- Born: 28 August 1923 Madrid, Spain
- Died: 6 December 2004 (aged 81) New York City, New York, United States

= Fernando Rielo =

Spanish and American writer

Fernando Rielo Pardal (28 August 1923 – 6 December 2004) was a Catholic mystical poet, philosopher, author, metaphysician, and founder of a Catholic religious institute. Rielo founded a school of metaphysical thought known as the genetic metaphysics of Fernando Rielo and a foundation called the Fernando Rielo Foundation. The foundation awards the Fernando Rielo World Prize for Mystical Poetry annually.

The religious congregation founded by Rielo is called the Idente Missionaries of Christ the Redeemer. The Idente Missionaries were founded in 1959 on the island of Tenerife, Spain. Rielo is an author of many books and works, mostly Spanish, and is translated into other languages, including English.

== Early years ==
Fernando Rielo was born on 28 August 1923 in Madrid to Enrique Rielo and his wife, Pilar Pardal. He was keenly interested in drawing during his childhood years. When he was an adolescent, the Spanish Civil War broke out. Rielo once stood before a firing squad during the war, on the day of his First Holy Communion. The leader of the squad asked him to renounce his faith, but Rielo refused. However, the leader finally decided not to order his men to shoot Rielo. Rielo reportedly had a religious experience on August 28, 1939, at the age of sixteen Rielo, while participating in a youth camp in the Sierra de Guadarrama.

== Youth ==
After the war, he finished his studies at the Royal Institute of St. Isidore in Madrid.
Rielo was interested in reading philosophical works, including Immanuel Kant's Critique of Pure Reason. He developed a keen interest in art, reading the Argentine cultural journal, Billiken. His father encouraged him to read several oriental classics too. During these years, he studied for the Spanish Civil Service examination and performed well in it, securing a high grade. He then found employment as an administrator and went to Granada for work.

== Motus Christi ==
Rielo wanted to study further and wanted to apply to the Central University of Madrid (now the University of Madrid). He intended to study philosophy and Letters and become a professor at the university. However, he went to a church and met a Redemptorist priest.

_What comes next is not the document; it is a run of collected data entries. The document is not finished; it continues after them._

(* Let $X$ be a compact metric space and $f\colon X\to X$ continuous. If $(X,f)$ has $\gamma$-restricted two-sided orbital limit shadowing, then $ICT_f\subseteq\gamma_f$.
   Context: A full trajectory is $\langle z_i\rangle_{i\in\mathbb Z}$ with $f(z_i)=z_{i+1}$. For two-sided sequences, $\omega(\langle x_i\rangle)=\bigcap_{M}\overline{\{x_n:n>M\}}$, $\alpha(\langle x_i\rangle)=\bigcap_M\overline{\{x_n:n<-M\}}$; for $x\in X$, $\omega(x)$ is the set of accumulation points of $x,f(x),f^2(x),\dots$. A two-sided asymptotic pseudo-orbit is $\langle x_i\rangle_{i\in\mathbb Z}$ with $d(f(x_i),x_{i+1})\to0$ as $i\to\pm\infty$. $\gamma$-restricted two-sided orbital limit shadowing: for every two-sided asymptotic pseudo-orbit $\langle x_i\rangle$ with $\alpha(\langle x_i\rangle)=\omega(\langle x_i\rangle)$ there is a full trajectory $\langle z_i\rangle$ with $\alpha(\langle z_i\rangle)=\alpha(\langle x_i\rangle)$ and $\omega(\langle z_i\rangle)=\omega(\langle x_i\rangle)$. $ICT_f$ is the set of nonempty closed internally chain transitive sets ($A$ is internally chain transitive if for all $a,b\in A$ and $\delta>0$ there exist $x_0=a,\dots,x_N=b$ in $A$, $N\ge1$, with $d(f(x_i),x_{i+1})<\delta$). The $\gamma$-limit set $\gamma(x)$ of $x\in X$: $y\in\gamma(x)$ iff $y\in\omega(x)$ and there exist a sequence $\langle y_i\rangle_{i\ge1}$ in $X$ and a strictly increasing sequence $\langle n_i\rangle$ in $\mathbb N$ with $f^{n_i}(y_i)=x$ for each $i$ and $y_i\to y$. $\gamma_f=\{\gamma(x):x\in X\}$. *)

theory Defs
  imports "HOL-Analysis.Analysis"
begin

text \<open>The compact metric space is a compact set X in a metric-space type; f maps X into X.
  All notions are relativised to X.\<close>

definition full_trajectory :: "'a set \<Rightarrow> ('a \<Rightarrow> 'a) \<Rightarrow> (int \<Rightarrow> 'a) \<Rightarrow> bool" where
  "full_trajectory X f z \<longleftrightarrow> (\<forall>i. z i \<in> X \<and> f (z i) = z (i + 1))"

definition omega_seq :: "(int \<Rightarrow> 'a::topological_space) \<Rightarrow> 'a set" where
  "omega_seq x = (\<Inter>M. closure {x n | n. n > M})"

definition alpha_seq :: "(int \<Rightarrow> 'a::topological_space) \<Rightarrow> 'a set" where
  "alpha_seq x = (\<Inter>M. closure {x n | n. n < - M})"

definition two_sided_asym_pseudo_orbit :: "'a set \<Rightarrow> ('a \<Rightarrow> 'a) \<Rightarrow> (int \<Rightarrow> 'a::metric_space) \<Rightarrow> bool" where
  "two_sided_asym_pseudo_orbit X f x \<longleftrightarrow>
     (\<forall>i. x i \<in> X) \<and>
     ((\<lambda>i. dist (f (x i)) (x (i + 1))) \<longlongrightarrow> 0) at_top \<and>
     ((\<lambda>i. dist (f (x i)) (x (i + 1))) \<longlongrightarrow> 0) at_bot"

definition gamma_restricted_two_sided_orbital_limit_shadowing ::
  "'a::metric_space set \<Rightarrow> ('a \<Rightarrow> 'a) \<Rightarrow> bool" where
  "gamma_restricted_two_sided_orbital_limit_shadowing X f \<longleftrightarrow>
     (\<forall>x::int \<Rightarrow> 'a. two_sided_asym_pseudo_orbit X f x \<and> alpha_seq x = omega_seq x \<longrightarrow>
        (\<exists>z. full_trajectory X f z \<and> alpha_seq z = alpha_seq x \<and> omega_seq z = omega_seq x))"

definition internally_chain_transitive :: "'a set \<Rightarrow> ('a \<Rightarrow> 'a) \<Rightarrow> 'a::metric_space set \<Rightarrow> bool" where
  "internally_chain_transitive X f A \<longleftrightarrow>
     (\<forall>a\<in>A. \<forall>b\<in>A. \<forall>\<delta>>0. \<exists>N::nat. N \<ge> 1 \<and> (\<exists>x::nat \<Rightarrow> 'a.
        x 0 = a \<and> x N = b \<and> (\<forall>i\<le>N. x i \<in> A) \<and> (\<forall>i<N. dist (f (x i)) (x (Suc i)) < \<delta>)))"

definition ICT :: "'a set \<Rightarrow> ('a \<Rightarrow> 'a) \<Rightarrow> 'a::metric_space set set" where
  "ICT X f = {A. A \<subseteq> X \<and> A \<noteq> {} \<and> closed A \<and> internally_chain_transitive X f A}"

definition omega_pt :: "('a \<Rightarrow> 'a) \<Rightarrow> 'a \<Rightarrow> 'a::topological_space set" where
  "omega_pt f x = (\<Inter>M. closure {(f ^^ n) x | n. n \<ge> M})"

definition gamma_pt :: "'a set \<Rightarrow> ('a \<Rightarrow> 'a) \<Rightarrow> 'a \<Rightarrow> 'a::metric_space set" where
  "gamma_pt X f x = {y. y \<in> omega_pt f x \<and>
      (\<exists>ys::nat \<Rightarrow> 'a. \<exists>ns::nat \<Rightarrow> nat. strict_mono ns \<and>
         (\<forall>i. ys i \<in> X \<and> (f ^^ ns i) (ys i) = x) \<and> ys \<longlonglongrightarrow> y)}"

definition gamma_sets :: "'a set \<Rightarrow> ('a \<Rightarrow> 'a) \<Rightarrow> 'a::metric_space set set" where
  "gamma_sets X f = {gamma_pt X f x | x. x \<in> X}"

end

(*
  Let A be a closed internally chain transitive set. Concatenating delta-chains in A with
  delta tending to 0, through a sequence that comes back to every point of a countable dense
  subset of A infinitely often, gives a forward asymptotic pseudo-orbit whose omega-limit set
  is A; doing the same with reversed chains gives a backward one, and gluing the two at a
  common point yields a two-sided asymptotic pseudo-orbit with alpha- and omega-limit set A.
  Shadowing provides a full trajectory z with alpha(z) = omega(z) = A. Then omega(z 0) = A,
  and every point of A = alpha(z) is a limit of points z(-n_i), which are n_i-th preimages
  of z 0; hence gamma(z 0) = A.
*)
theory Submission
  imports Defs
begin

text \<open>\<open>err u v\<close> is the error of the step from \<open>u\<close> to \<open>v\<close>: \<open>dist (f u) v\<close> for chains
  of \<open>f\<close>, \<open>dist (f v) u\<close> for chains of \<open>f\<close> read backwards.\<close>

definition delta_chain :: "('a \<Rightarrow> 'a \<Rightarrow> real) \<Rightarrow> real \<Rightarrow> 'a set \<Rightarrow> 'a \<Rightarrow> 'a \<Rightarrow> bool" where
  "delta_chain err \<delta> A a b \<longleftrightarrow>
     (\<exists>N\<ge>1. \<exists>c. c 0 = a \<and> c N = b \<and> (\<forall>i\<le>N. c i \<in> A) \<and> (\<forall>i<N. err (c i) (c (Suc i)) < \<delta>))"

lemma internally_chain_transitive_iff_delta_chain:
  "internally_chain_transitive X f A \<longleftrightarrow>
     (\<forall>a\<in>A. \<forall>b\<in>A. \<forall>\<delta>>0. delta_chain (\<lambda>u v. dist (f u) v) \<delta> A a b)"
  unfolding internally_chain_transitive_def delta_chain_def by blast

lemma delta_chain_reverse:
  assumes "delta_chain err \<delta> A a b"
  shows "delta_chain (\<lambda>u v. err v u) \<delta> A b a"
proof -
  obtain N c where N: "N \<ge> 1" "c 0 = a" "c N = b" "\<forall>i\<le>N. c i \<in> A"
    and steps: "\<forall>i<N. err (c i) (c (Suc i)) < \<delta>"
    using assms unfolding delta_chain_def by blast
  have "err (c (N - Suc i)) (c (N - i)) < \<delta>" if "i < N" for i
    using steps[rule_format, of "N - Suc i"] that by (simp add: Suc_diff_Suc)
  then show ?thesis
    unfolding delta_chain_def using N by (intro exI[of _ N] conjI exI[of _ "\<lambda>i. c (N - i)"]) auto
qed

text \<open>\<open>block_walk N n = (k, j)\<close>: the \<open>n\<close>-th entry of the concatenation of blocks of
  lengths \<open>N 0, N 1, \<dots>\<close> is entry \<open>j\<close> of block \<open>k\<close>.\<close>

fun block_walk :: "(nat \<Rightarrow> nat) \<Rightarrow> nat \<Rightarrow> nat \<times> nat" where
  "block_walk N 0 = (0, 0)"
| "block_walk N (Suc n) =
     (let (k, j) = block_walk N n in if Suc j < N k then (k, Suc j) else (Suc k, 0))"

lemma block_walk_Suc_within:
  "Suc (snd (block_walk N n)) < N (fst (block_walk N n)) \<Longrightarrow>
     block_walk N (Suc n) = (fst (block_walk N n), Suc (snd (block_walk N n)))"
  by (simp add: split_beta)

lemma block_walk_Suc_next:
  "\<not> Suc (snd (block_walk N n)) < N (fst (block_walk N n)) \<Longrightarrow>
     block_walk N (Suc n) = (Suc (fst (block_walk N n)), 0)"
  by (simp add: split_beta)

lemma block_walk_snd_less:
  assumes "\<And>k. 0 < N k"
  shows "snd (block_walk N n) < N (fst (block_walk N n))"
  by (induction n) (auto simp: split_beta assms)

lemma block_walk_fst_le: "fst (block_walk N n) \<le> n"
  by (induction n) (auto simp: split_beta)

lemma mono_block_walk_fst: "mono (\<lambda>n. fst (block_walk N n))"
  by (rule incseq_SucI) (simp add: split_beta)

lemma block_walk_reaches_block_start:
  assumes "\<And>k. 0 < N k"
  shows "\<exists>n. block_walk N n = (k, 0)"
proof (induction k)
  case 0
  have "block_walk N 0 = (0, 0)" by simp
  then show ?case by blast
next
  case (Suc k)
  then obtain n where n: "block_walk N n = (k, 0)" by blast
  have walk: "block_walk N (n + j) = (k, j)" if "j < N k" for j
    using that by (induction j) (auto simp: n split_beta)
  obtain j where j: "N k = Suc j" using assms[of k] gr0_implies_Suc by blast
  then have "block_walk N (Suc (n + j)) = (Suc k, 0)"
    using walk[of j] by (simp add: split_beta)
  then show ?case by blast
qed

lemma filterlim_block_walk_fst:
  assumes "\<And>k. 0 < N k"
  shows "filterlim (\<lambda>n. fst (block_walk N n)) at_top sequentially"
  unfolding filterlim_at_top eventually_sequentially
proof
  fix k
  obtain n where "block_walk N n = (k, 0)" using block_walk_reaches_block_start[of N k] assms by blast
  then show "\<exists>n. \<forall>m\<ge>n. k \<le> fst (block_walk N m)"
    using mono_block_walk_fst[of N] by (metis fst_conv monoD)
qed

lemma asymptotic_chain_visiting:
  fixes err :: "'a \<Rightarrow> 'a \<Rightarrow> real" and p :: "nat \<Rightarrow> 'a"
  assumes chains: "\<And>a b \<delta>. a \<in> A \<Longrightarrow> b \<in> A \<Longrightarrow> \<delta> > 0 \<Longrightarrow> delta_chain err \<delta> A a b"
    and err_nonneg: "\<And>u v. 0 \<le> err u v"
    and p: "range p \<subseteq> A"
  obtains y where "range y \<subseteq> A" "y 0 = p 0" "(\<lambda>n. err (y n) (y (Suc n))) \<longlonglongrightarrow> 0"
    "\<And>k. \<exists>n\<ge>k. y n = p k"
proof -
  have "\<forall>k. delta_chain err (inverse (real (Suc k))) A (p k) (p (Suc k))"
    using chains p by (simp add: range_subsetD)
  then obtain N c where N: "\<And>k. 0 < N k"
    and c: "\<And>k. c k 0 = p k" "\<And>k. c k (N k) = p (Suc k)" "\<And>k i. i \<le> N k \<Longrightarrow> c k i \<in> A"
    and steps: "\<And>k i. i < N k \<Longrightarrow> err (c k i) (c k (Suc i)) < inverse (real (Suc k))"
    unfolding delta_chain_def by (metis less_le_trans zero_less_one)
  define blk where "blk n = fst (block_walk N n)" for n
  define pos where "pos n = snd (block_walk N n)" for n
  define y where "y n = c (blk n) (pos n)" for n
  have pos_less: "pos n < N (blk n)" for n
    unfolding pos_def blk_def using block_walk_snd_less N by blast
  have y_Suc: "y (Suc n) = c (blk n) (Suc (pos n))" for n
  proof (cases "Suc (pos n) < N (blk n)")
    case True
    then show ?thesis
      unfolding y_def blk_def pos_def by (simp add: block_walk_Suc_within del: block_walk.simps)
  next
    case False
    then have "Suc (pos n) = N (blk n)" using pos_less[of n] by simp
    then show ?thesis
      using False c unfolding y_def blk_def pos_def
      by (simp add: block_walk_Suc_next del: block_walk.simps)
  qed
  have err_le: "err (y n) (y (Suc n)) \<le> inverse (real (Suc (blk n)))" for n
    using steps[OF pos_less[of n]] y_Suc[of n] unfolding y_def by simp
  have blk_lim: "(\<lambda>n. inverse (real (Suc (blk n)))) \<longlonglongrightarrow> 0"
    using filterlim_compose[OF LIMSEQ_inverse_real_of_nat filterlim_block_walk_fst[OF N]]
    unfolding blk_def .
  have "(\<lambda>n. err (y n) (y (Suc n))) \<longlonglongrightarrow> 0"
    by (rule tendsto_sandwich[OF _ _ tendsto_const blk_lim]) (intro always_eventually allI err_nonneg err_le)+
  moreover have "\<exists>n\<ge>k. y n = p k" for k
  proof -
    obtain n where n: "block_walk N n = (k, 0)"
      using block_walk_reaches_block_start[of N k] N by blast
    then have "k \<le> n" using block_walk_fst_le[of N n] by simp
    with n show ?thesis unfolding y_def blk_def pos_def using c by auto
  qed
  moreover have "range y \<subseteq> A"
    using c(3) pos_less unfolding y_def by (meson image_subsetI less_imp_le)
  moreover have "y 0 = p 0" unfolding y_def blk_def pos_def using c by simp
  ultimately show thesis using that by blast
qed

At the age of twenty, he entered the Congregation of the Most Holy Redeemer at the seminary of Nava del Rey, where he completed his philosophical and theological studies. During his priestly studies, he liked to encourage his fellow students in preparation for their future missions. He began a movement called Motus Christi (the Movement of Christ) to revive their spiritual life. It was characterized by a spirituality marked by "filial consciousness" in relation to God the Father.

== Profession ==
When he completed his religious studies, several coinciding events occurred due to which he could not receive priestly ordination. Rielo shared his work on the Christus movement with the General Superior, a Belgian who was pleased with the movement. However, the General would not remain alive for long and succumbed to cancer of the pancreas. Rielo made his public profession during this period.

Rielo then consulted a highly respected professor about his situation. He told Rielo, after three days of prayer, to leave the congregation. Rielo left the Congregation in 1957.

== Tenerife ==
After leaving the Redemptorists, Rielo took a civil service position at Tenerife, in the Canary Islands. After two years and much pain and hard work, Rielo founded the Idente Missionaries. On 29 June 1959, the official statutes were presented to Domingo Pérez Cáceres, the diocese bishop.

==Later years==
In 1982 he established The Fernando Rielo Foundation, an international cultural entity for the promotion of culture and the arts. The foundation awards the Fernando Rielo World Prize for Mystical Poetry.

Rielo moved to New York City in 1988 for medical treatment.

He was a corresponding member of the North American Academy of the Spanish Language. In 1996 the University of the Philippines created the Fernando Rielo Chair of Spanish Literature and Thought, to promote Hispanic culture. The Fernando Rielo Chair was created at the Pontifical University of Salamanca in 2013.